§ **Assigned task**
Lines from the entries below that hold "definition" form the answer; copy all of them.
---- Data records
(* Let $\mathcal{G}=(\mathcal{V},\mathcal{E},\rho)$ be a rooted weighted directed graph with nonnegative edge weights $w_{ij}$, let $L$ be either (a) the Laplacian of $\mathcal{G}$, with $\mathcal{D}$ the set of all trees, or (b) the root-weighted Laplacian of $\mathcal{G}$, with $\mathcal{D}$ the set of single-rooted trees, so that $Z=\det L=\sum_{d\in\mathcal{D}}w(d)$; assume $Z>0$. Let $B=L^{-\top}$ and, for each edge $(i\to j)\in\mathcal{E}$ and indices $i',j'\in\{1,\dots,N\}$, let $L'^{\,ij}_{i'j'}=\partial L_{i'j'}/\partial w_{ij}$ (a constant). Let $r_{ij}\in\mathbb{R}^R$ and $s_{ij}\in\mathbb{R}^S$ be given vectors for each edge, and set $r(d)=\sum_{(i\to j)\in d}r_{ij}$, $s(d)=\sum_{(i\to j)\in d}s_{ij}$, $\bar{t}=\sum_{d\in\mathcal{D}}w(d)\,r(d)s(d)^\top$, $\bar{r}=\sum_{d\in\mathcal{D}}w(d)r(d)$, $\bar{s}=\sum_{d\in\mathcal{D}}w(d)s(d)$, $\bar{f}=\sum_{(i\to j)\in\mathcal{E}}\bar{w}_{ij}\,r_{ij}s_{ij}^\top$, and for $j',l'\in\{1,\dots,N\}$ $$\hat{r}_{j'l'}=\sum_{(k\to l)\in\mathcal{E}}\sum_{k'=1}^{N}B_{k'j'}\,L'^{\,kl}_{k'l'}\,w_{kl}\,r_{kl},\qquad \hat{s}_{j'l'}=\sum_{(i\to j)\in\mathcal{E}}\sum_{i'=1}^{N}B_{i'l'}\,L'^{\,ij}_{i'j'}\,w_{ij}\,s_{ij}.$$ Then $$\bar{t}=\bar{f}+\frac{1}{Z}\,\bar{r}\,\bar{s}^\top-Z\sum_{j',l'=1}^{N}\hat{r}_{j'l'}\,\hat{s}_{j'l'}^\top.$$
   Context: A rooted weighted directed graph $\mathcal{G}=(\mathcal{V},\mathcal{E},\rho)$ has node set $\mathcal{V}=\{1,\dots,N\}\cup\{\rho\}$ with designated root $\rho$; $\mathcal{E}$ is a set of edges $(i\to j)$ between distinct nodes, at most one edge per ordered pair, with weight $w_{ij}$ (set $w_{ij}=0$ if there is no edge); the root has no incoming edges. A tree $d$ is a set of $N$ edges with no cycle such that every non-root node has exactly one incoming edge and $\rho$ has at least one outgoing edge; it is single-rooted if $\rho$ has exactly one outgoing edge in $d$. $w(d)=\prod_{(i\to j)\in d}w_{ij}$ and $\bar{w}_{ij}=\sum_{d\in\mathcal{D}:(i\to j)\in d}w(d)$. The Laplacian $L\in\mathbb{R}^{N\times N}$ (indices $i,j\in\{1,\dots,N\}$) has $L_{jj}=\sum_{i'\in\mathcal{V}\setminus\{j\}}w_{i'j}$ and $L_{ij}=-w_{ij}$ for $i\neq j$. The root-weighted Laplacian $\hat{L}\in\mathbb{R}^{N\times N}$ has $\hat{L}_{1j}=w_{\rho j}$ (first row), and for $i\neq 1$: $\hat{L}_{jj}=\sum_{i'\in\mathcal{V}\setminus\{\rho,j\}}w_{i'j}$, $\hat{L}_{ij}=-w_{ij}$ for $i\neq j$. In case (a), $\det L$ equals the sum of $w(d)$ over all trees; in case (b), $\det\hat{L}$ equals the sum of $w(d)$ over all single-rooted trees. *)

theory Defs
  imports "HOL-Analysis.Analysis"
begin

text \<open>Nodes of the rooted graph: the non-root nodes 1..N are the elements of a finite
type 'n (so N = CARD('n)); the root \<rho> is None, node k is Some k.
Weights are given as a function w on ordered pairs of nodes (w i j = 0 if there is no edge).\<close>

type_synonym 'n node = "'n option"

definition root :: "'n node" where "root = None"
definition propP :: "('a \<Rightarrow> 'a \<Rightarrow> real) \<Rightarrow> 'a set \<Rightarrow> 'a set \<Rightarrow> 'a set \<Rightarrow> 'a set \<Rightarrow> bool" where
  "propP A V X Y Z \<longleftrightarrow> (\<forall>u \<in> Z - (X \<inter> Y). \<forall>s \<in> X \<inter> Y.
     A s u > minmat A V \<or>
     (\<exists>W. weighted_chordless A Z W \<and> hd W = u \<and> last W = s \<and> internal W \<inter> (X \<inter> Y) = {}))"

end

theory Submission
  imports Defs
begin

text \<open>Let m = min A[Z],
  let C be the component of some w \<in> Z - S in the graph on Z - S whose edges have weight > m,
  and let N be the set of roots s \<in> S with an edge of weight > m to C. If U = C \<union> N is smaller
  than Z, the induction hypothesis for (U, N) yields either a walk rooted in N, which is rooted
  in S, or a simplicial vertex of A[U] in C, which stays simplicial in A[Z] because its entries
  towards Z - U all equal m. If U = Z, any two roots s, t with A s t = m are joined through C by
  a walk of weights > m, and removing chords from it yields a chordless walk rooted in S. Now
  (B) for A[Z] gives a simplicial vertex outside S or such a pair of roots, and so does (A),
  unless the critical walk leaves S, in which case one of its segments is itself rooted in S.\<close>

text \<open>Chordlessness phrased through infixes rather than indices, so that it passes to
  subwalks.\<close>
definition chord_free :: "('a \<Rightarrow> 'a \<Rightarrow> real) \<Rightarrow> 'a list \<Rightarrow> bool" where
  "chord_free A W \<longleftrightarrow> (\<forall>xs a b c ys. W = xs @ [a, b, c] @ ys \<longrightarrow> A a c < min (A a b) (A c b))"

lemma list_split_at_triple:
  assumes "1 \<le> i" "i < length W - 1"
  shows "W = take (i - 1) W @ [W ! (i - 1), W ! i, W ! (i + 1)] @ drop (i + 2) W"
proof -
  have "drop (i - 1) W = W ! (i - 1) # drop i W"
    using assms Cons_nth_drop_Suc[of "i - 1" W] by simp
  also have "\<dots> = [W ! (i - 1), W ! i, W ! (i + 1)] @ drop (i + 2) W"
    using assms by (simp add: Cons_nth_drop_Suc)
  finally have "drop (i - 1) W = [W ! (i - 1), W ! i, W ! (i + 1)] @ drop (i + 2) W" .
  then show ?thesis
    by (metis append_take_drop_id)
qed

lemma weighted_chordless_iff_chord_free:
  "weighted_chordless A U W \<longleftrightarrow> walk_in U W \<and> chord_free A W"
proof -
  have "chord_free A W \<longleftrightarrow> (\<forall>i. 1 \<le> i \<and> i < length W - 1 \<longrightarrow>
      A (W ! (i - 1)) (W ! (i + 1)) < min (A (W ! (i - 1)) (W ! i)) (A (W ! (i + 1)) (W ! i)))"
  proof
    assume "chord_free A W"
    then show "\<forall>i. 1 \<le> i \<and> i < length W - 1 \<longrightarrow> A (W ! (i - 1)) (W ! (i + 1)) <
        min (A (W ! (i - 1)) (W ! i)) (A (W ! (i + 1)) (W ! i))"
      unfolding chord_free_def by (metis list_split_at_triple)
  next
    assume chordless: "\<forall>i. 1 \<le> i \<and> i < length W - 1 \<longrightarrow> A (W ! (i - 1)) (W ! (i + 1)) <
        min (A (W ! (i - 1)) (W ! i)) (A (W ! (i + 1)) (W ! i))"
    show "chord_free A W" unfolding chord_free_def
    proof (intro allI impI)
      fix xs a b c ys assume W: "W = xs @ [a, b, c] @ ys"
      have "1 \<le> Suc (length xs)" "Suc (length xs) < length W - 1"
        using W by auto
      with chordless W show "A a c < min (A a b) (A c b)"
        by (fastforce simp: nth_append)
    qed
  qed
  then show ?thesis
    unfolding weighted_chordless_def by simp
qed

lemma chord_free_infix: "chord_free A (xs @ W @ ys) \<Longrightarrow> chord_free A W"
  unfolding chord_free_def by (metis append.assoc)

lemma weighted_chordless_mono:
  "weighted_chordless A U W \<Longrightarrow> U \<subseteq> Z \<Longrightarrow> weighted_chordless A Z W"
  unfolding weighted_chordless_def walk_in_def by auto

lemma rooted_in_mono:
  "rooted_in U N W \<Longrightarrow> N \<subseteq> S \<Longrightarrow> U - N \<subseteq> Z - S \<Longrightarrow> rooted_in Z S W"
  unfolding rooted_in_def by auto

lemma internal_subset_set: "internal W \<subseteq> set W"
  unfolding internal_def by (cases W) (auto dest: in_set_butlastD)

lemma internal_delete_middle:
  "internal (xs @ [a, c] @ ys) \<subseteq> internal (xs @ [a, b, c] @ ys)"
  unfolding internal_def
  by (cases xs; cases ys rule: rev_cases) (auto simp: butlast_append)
--------
§ **Written reply**
definition root :: "'n node" where "root = None"
definition propP :: "('a \<Rightarrow> 'a \<Rightarrow> real) \<Rightarrow> 'a set \<Rightarrow> 'a set \<Rightarrow> 'a set \<Rightarrow> 'a set \<Rightarrow> bool" where
definition chord_free :: "('a \<Rightarrow> 'a \<Rightarrow> real) \<Rightarrow> 'a list \<Rightarrow> bool" where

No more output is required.